Exercise data START

lemma diag_sign_in_Diag:
  assumes "A \<in> Even_sets m"
  shows "twist (Suc m) (zeros (Suc m)) (diag_sign b A) \<in> Diag m"
proof -
  have A: "A \<subseteq> Words m" "zeros m \<notin> A" "even (card A)" using assms unfolding Even_sets_def by auto
  have "(\<Prod>i\<in>Words m. diag_sign b A (False # i)) = (\<Prod>i\<in>Words m. (if i \<in> A then -1 else 1::int))"
    by (simp add: diag_sign_def flip_def)
  also have "\<dots> = 1" using A by (simp add: prod.If_cases Int_absorb1)
  moreover have "\<forall>i. length i = m \<longrightarrow>
      diag_sign b A (True#i) = (if b then -1 else 1) * diag_sign b A (False#i)"
    by (simp add: diag_sign_def flip_def)
  ultimately have "diag_cond m (diag_sign b A)"
    unfolding diag_cond_def using sign_fun_diag_sign
    by (intro conjI exI[of _ "if b then -1 else 1"]) auto
  moreover have "diag_sign b A (zeros (Suc m)) = 1" using A by (simp add: diag_sign_def flip_def)
  ultimately show ?thesis unfolding Diag_def by blast
qed

lemma Diag_in_diag_sign:
  assumes "d \<in> Diag m"
  obtains b A where "A \<in> Even_sets m" "d = twist (Suc m) (zeros (Suc m)) (diag_sign b A)"
proof -
  obtain e c where d: "d = twist (Suc m) (zeros (Suc m)) e" "sign_fun e" "is_sign c"
    "\<And>i. length i = m \<Longrightarrow> e (True#i) = c * e (False#i)"
    "(\<Prod>i\<in>Words m. e (False#i)) = 1" "e (zeros (Suc m)) = 1"
    using assms unfolding Diag_def diag_cond_def by blast
  define A where "A = {i \<in> Words m. e (False#i) = -1}"
  have "even (card A)"
    unfolding A_def using even_card_minus_ones[OF sign_funD[OF d(2)] finite_Words d(5)] .
  moreover have "A \<subseteq> Words m - {zeros m}" using d(6) unfolding A_def by auto
  ultimately have "A \<in> Even_sets m" unfolding Even_sets_def by simp
  moreover have "d = twist (Suc m) (zeros (Suc m)) (diag_sign (c = -1) A)"
    unfolding d(1)
  proof (rule twist_cong)
    fix j :: "bool list" assume "length j = Suc m"
    then obtain a i where ai: "j = a # i" "length i = m" by (cases j) auto
    have "flip A j = e (False#i)"
      using ai sign_funD[OF d(2), of "False#i"] unfolding flip_def A_def Words_def by auto
    moreover have "(if c = -1 then -1 else 1) = c" using d(3) by auto
    ultimately show "e j = diag_sign (c = -1) A j"
      using ai d(4)[OF ai(2)] unfolding diag_sign_def by (cases a) simp_all
  qed
  ultimately show ?thesis using that by blast
qed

Exercise data END

Filter the entries and copy out every line with the word "where".

  obtains b A where "A \<in> Even_sets m" "d = twist (Suc m) (zeros (Suc m)) (diag_sign b A)"
  obtain e c where d: "d = twist (Suc m) (zeros (Suc m)) e" "sign_fun e" "is_sign c"
  define A where "A = {i \<in> Words m. e (False#i) = -1}"
    then obtain a i where ai: "j = a # i" "length i = m" by (cases j) auto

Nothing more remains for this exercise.